Фауст. Если так, то объясни мне, сделай милость, каким образом музыка существует в нашем веке? в нашей положительной эпохе она совершенная невозможность, нелепость! всякое другое искусство имеет хотя отдаленную пользу; поэзия нашла себе уголок в так называемых дидактической и анакреонтической поэзии; посредством стихов можно научить, например, хоть как нитки мотать; Делиль написал руководство для садовников[214]; не помню кто — поэму о переплетном деле; живопись напоминает вещественные предметы и годится для изображения машин, домов, местностей и других полезных предметов; архитектура — и говорить нечего. Но музыка? музыка решительно не может доставить никакой пользы! как же она уцелела в нашем веке, где на каждом шаге вопрос: а к чему это полезно? другими словами: а к какой денежной операции это пригодно? — Если бы люди имели несчастие быть вполне логическими, они бы должны были выбросить музыку за окошко, как старую рухлядь. Человек, который, слушая музыку, сказал: Sonate! que me veux-tu? {* Соната! чего ты от меня хочешь? (франц.).} — был человек весьма логический, ибо действительно посредством музыки нельзя себе выпросить даже стакана воды. Как втерлось это бесполезное искусство в наше воспитание? отчего почтенному фабриканту хочется, чтоб дочь его бренчала на фортепьянах? зачем он на музыкальные уроки и на инструменты тратит деньги, которые бы могли быть употреблены на более полезные предметы?
Виктор. Утешься, причина такого мотовства очевидна: тщеславие и больше ничего!
Фауст. Согласен! музыка действительно втерлась в новейшее общество в одном из его маскарадных платьев, под покровительством тщеславия, но почему наше тщеславие подружилось именно с музыкой? почему, например, не с кухней? что было бы гораздо легче и гораздо полезнее? Тут случилось нечто довольно странное и любопытное. Почтенному фабриканту, заставлявшему свою дочь играть блистательные варияции на di tanti palpiti[215], {Ради стольких волнений (итал.).} никак не приходило в голову, что несколько пустых филантропов, занимающихся исправительною системою, наткнулись на факт, вполне непонятный: они заметили, что лишь те из преступников склонны к исправлению, в которых оказывается расположение к музыке. {* Appert, "De bagnes et prisons", 3 vol., in 8ь, и многие другие книги по сей части.} Что за странный термометр!
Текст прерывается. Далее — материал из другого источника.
(* Let $\kappa=\mathrm{non}(\mathsf{SMZ})$ be the minimal cardinality of a set of reals that is not strongly null. Assume that there exists a strongly unbounded set $A\subseteq\mathbb{N}^{\mathbb{N}}$ with $|A|=\kappa$. Then there exist a strongly null set of reals $X\subseteq\mathbb{R}$ and a continuous function $f$ defined on $X$ whose image $Y=f[X]$ is a set of reals that is not strongly null.
   Context: A set of reals $X\subseteq\mathbb{R}$ is strongly null (has strong measure zero) if for each sequence $(\epsilon_n)_{n\in\mathbb{N}}$ of positive reals there exists a sequence of intervals $(I_n)_{n\in\mathbb{N}}$ covering $X$ with $\mathrm{diam}(I_n)<\epsilon_n$ for all $n$. $\mathsf{SMZ}$ denotes the collection of strongly null sets of reals, and $\mathrm{non}(\mathsf{SMZ})=\min\{|X| : X\subseteq\mathbb{R},\ X\notin\mathsf{SMZ}\}$. For $f,g\in\mathbb{N}^{\mathbb{N}}$, $f\le^* g$ means $f(n)\le g(n)$ for all but finitely many $n$. A set $A\subseteq\mathbb{N}^{\mathbb{N}}$ is strongly unbounded if for each $f\in\mathbb{N}^{\mathbb{N}}$, $|\{g\in A : g\le^* f\}|<|A|$. *)

theory Defs
  imports "HOL-Analysis.Analysis"
begin

text \<open>We use closed intervals
  {a n .. b n} with b n - a n < eps n (empty if b n < a n).\<close>
definition strongly_null :: "real set \<Rightarrow> bool" where
  "strongly_null X \<longleftrightarrow>
     (\<forall>eps::nat \<Rightarrow> real. (\<forall>n. eps n > 0) \<longrightarrow>
        (\<exists>a b :: nat \<Rightarrow> real. (\<forall>n. b n - a n < eps n) \<and> X \<subseteq> (\<Union>n. {a n .. b n})))"

definition has_card_nonSMZ :: "'a set \<Rightarrow> bool" where
  "has_card_nonSMZ S \<longleftrightarrow>
     (\<exists>X::real set. \<not> strongly_null X \<and> (card_of X, card_of S) \<in> ordIso) \<and>
     (\<forall>X::real set. (card_of X, card_of S) \<in> ordLess \<longrightarrow> strongly_null X)"

definition le_star :: "(nat \<Rightarrow> nat) \<Rightarrow> (nat \<Rightarrow> nat) \<Rightarrow> bool" where
  "le_star f g \<longleftrightarrow> (\<forall>\<^sub>F n in sequentially. f n \<le> g n)"

definition strongly_unbounded :: "(nat \<Rightarrow> nat) set \<Rightarrow> bool" where
  "strongly_unbounded A \<longleftrightarrow>
     (\<forall>f. (card_of {g \<in> A. le_star g f}, card_of A) \<in> ordLess)"

end

theory Submission imports Defs "HOL-Library.Nat_Bijection" begin

text \<open>Take a strongly unbounded set A of size non(SMZ) and a map e with e ` A not
  strongly null. Each a \<in> A is turned into a strictly increasing sequence that dominates a
  and whose parities spell out the integer part and the binary digits of e a. The map sending
  s to the sum of 3 ^ (- s n) embeds strictly increasing sequences into the reals with a
  continuous inverse, so decoding is continuous on the image X of A and maps X onto e ` A.
  X is strongly null: given \<epsilon>, intervals of length below \<epsilon> (2 k) around the countably
  many finite partial sums catch every point whose code s exceeds, at some n, a threshold
  depending on the first n terms of s. The codes that never do so form a finitely branching
  tree, so they are bounded by a single g; they come from the fewer than non(SMZ) elements
  a with a \<le>* g, and are covered by intervals of length below \<epsilon> (2 k + 1).\<close>

lemma strongly_null_subset:
  assumes S: "strongly_null S" and "T \<subseteq> S" shows "strongly_null T"
  unfolding strongly_null_def
proof (intro allI impI)
  fix eps :: "nat \<Rightarrow> real" assume eps: "\<forall>n. 0 < eps n"
  obtain a b where "\<forall>n. b n - a n < eps n" "S \<subseteq> (\<Union>n. {a n..b n})"
    using S[unfolded strongly_null_def, THEN spec, THEN mp, OF eps] by auto
  with \<open>T \<subseteq> S\<close> show "\<exists>a b. (\<forall>n. b n - a n < eps n) \<and> T \<subseteq> (\<Union>n. {a n..b n})"
    by (meson order_trans)
qed

lemma strongly_null_if_remainder_strongly_null:
  assumes "\<And>eps :: nat \<Rightarrow> real. \<forall>n. 0 < eps n \<Longrightarrow>
    \<exists>a b. (\<forall>k. b k - a k < eps k) \<and> strongly_null (X - (\<Union>k. {a k..b k}))"
  shows "strongly_null X"
  unfolding strongly_null_def
proof (intro allI impI)
  fix eps :: "nat \<Rightarrow> real" assume eps: "\<forall>n. 0 < eps n"
  then have even_pos: "\<forall>k. 0 < eps (2 * k)" by blast
  obtain a b where ab: "\<forall>k. b k - a k < eps (2 * k)"
    and rest: "strongly_null (X - (\<Union>k. {a k..b k}))"
    using assms[OF even_pos] by blast
  have "\<forall>k. 0 < eps (2 * k + 1)" using eps by blast
  then obtain a' b' where ab': "\<forall>k. b' k - a' k < eps (2 * k + 1)"
    and cover': "X - (\<Union>k. {a k..b k}) \<subseteq> (\<Union>k. {a' k..b' k})"
    using rest[unfolded strongly_null_def, THEN spec[of _ "\<lambda>k. eps (2 * k + 1)"], THEN mp]
    by auto
  define c where "c n = (if even n then a (n div 2) else a' (n div 2))" for n
  define d where "d n = (if even n then b (n div 2) else b' (n div 2))" for n
  show "\<exists>c d. (\<forall>n. d n - c n < eps n) \<and> X \<subseteq> (\<Union>n. {c n..d n})"
  proof (intro exI conjI allI)
    show "d n - c n < eps n" for n
      using ab ab' by (cases "even n") (auto simp: c_def d_def elim!: evenE oddE)
    show "X \<subseteq> (\<Union>n. {c n..d n})"
    proof
      fix x assume "x \<in> X"
      show "x \<in> (\<Union>n. {c n..d n})"
      proof (cases "x \<in> (\<Union>k. {a k..b k})")
        case True
        then obtain k where "x \<in> {a k..b k}" by blast
        then have "x \<in> {c (2 * k)..d (2 * k)}" by (simp add: c_def d_def)
        then show ?thesis by blast
      next
        case False
        then obtain k where "x \<in> {a' k..b' k}" using cover' \<open>x \<in> X\<close> by blast
        then have "x \<in> {c (2 * k + 1)..d (2 * k + 1)}" by (simp add: c_def d_def)
        then show ?thesis by blast
      qed
    qed
  qed
qed

definition ternary_point :: "(nat \<Rightarrow> nat) \<Rightarrow> real" where
  "ternary_point s = (\<Sum>n. (1/3) ^ s n)"

lemma strict_mono_ge_add:
  fixes s :: "nat \<Rightarrow> nat"
  assumes "strict_mono s" shows "s n + i \<le> s (n + i)"
proof (induction i)
  case (Suc i)
  have "s (n + i) < s (n + Suc i)"
    using assms by (simp add: strict_mono_def)
  with Suc show ?case by simp
qed simp

lemma summable_ternary_tail:
  assumes "strict_mono s" shows "summable (\<lambda>i. (1/3::real) ^ s (i + n))"
proof (rule summable_comparison_test)
  show "summable (\<lambda>i. (1/3::real) ^ i)" by (simp add: summable_geometric)
  have "i \<le> s (i + n)" for i
    using seq_suble[OF assms, of "i + n"] by simp
  then show "\<exists>N. \<forall>i\<ge>N. norm ((1/3::real) ^ s (i + n)) \<le> (1/3) ^ i"
    by (auto intro: power_decreasing)
qed

lemma ternary_point_split:
  "strict_mono s \<Longrightarrow> ternary_point s = (\<Sum>i<n. (1/3) ^ s i) + (\<Sum>i. (1/3) ^ s (i + n))"
  unfolding ternary_point_def
  using suminf_split_initial_segment[OF summable_ternary_tail[of s 0], of n] by (simp add: add.commute)

lemma ternary_tail_bounds:
  assumes "strict_mono s"
  shows "(1/3) ^ s n \<le> (\<Sum>i. (1/3::real) ^ s (i + n))"
    and "(\<Sum>i. (1/3::real) ^ s (i + n)) \<le> 3/2 * (1/3) ^ s n"
proof -
  show "(1/3) ^ s n \<le> (\<Sum>i. (1/3::real) ^ s (i + n))"
    using sum_le_suminf[OF summable_ternary_tail[OF assms], of "{0}"] by simp
  have "(1/3::real) ^ s (i + n) \<le> (1/3) ^ s n * (1/3) ^ i" for i
    using strict_mono_ge_add[OF assms, of n i]
    by (simp add: power_add[symmetric] add.commute power_decreasing)
  moreover have "(\<lambda>i. (1/3) ^ s n * (1/3::real) ^ i) sums ((1/3) ^ s n * (1 / (1 - 1/3)))"
    by (intro sums_mult geometric_sums) simp
  ultimately have "(\<Sum>i. (1/3::real) ^ s (i + n)) \<le> (1/3) ^ s n * (1 / (1 - 1/3))"
    by (rule sums_le[OF _ summable_sums[OF summable_ternary_tail[OF assms]]])
  then show "(\<Sum>i. (1/3::real) ^ s (i + n)) \<le> 3/2 * (1/3) ^ s n"
    by simp
qed

lemma ternary_point_approx:
  assumes s: "strict_mono s"
  shows "\<bar>ternary_point s - (\<Sum>i<n. (1/3) ^ s i)\<bar> \<le> 3/2 * (1/3) ^ s n"
proof -
  have "ternary_point s - (\<Sum>i<n. (1/3) ^ s i) = (\<Sum>i. (1/3) ^ s (i + n))"
    using ternary_point_split[OF s, of n] by simp
  moreover have "0 \<le> (1/3::real) ^ s n" by simp
  ultimately show ?thesis
    using ternary_tail_bounds[OF s, of n] by simp
qed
Виктор. Уж воля твоя — я никак не могу понять, какое может быть отношение между руладами и нравственными поступками человека.
Фауст. Да, подлинно странно! а между тем это факт, un fait acquis a la science, {научно достоверный факт (франц.).} как говорят французы. Тут невольно подумаешь о чьем-то вмешательстве в мире действий человеческих; музыка, повторяю, втерлась в этот мир вопреки духу времени! Ты видишь, я признаю существование этого духа, но даю ему другой смысл, который, может быть, не понравится утилитаристам. По-моему, дух времени — в вечной борьбе с внутренним чувством человека; этот дух был принужден принять в свои недра противную ему музыку, покоряясь какому-то темному чувству человека, которое бессознательно угадало высокий смысл этого искусства…
Вячеслав. Я очень рад этому открытию; вперед, когда в концерте какая-нибудь певица или signer Castratto затянет: "di tanti palpiti". — я закричу: "молчание, господа, — это курс нравственности!".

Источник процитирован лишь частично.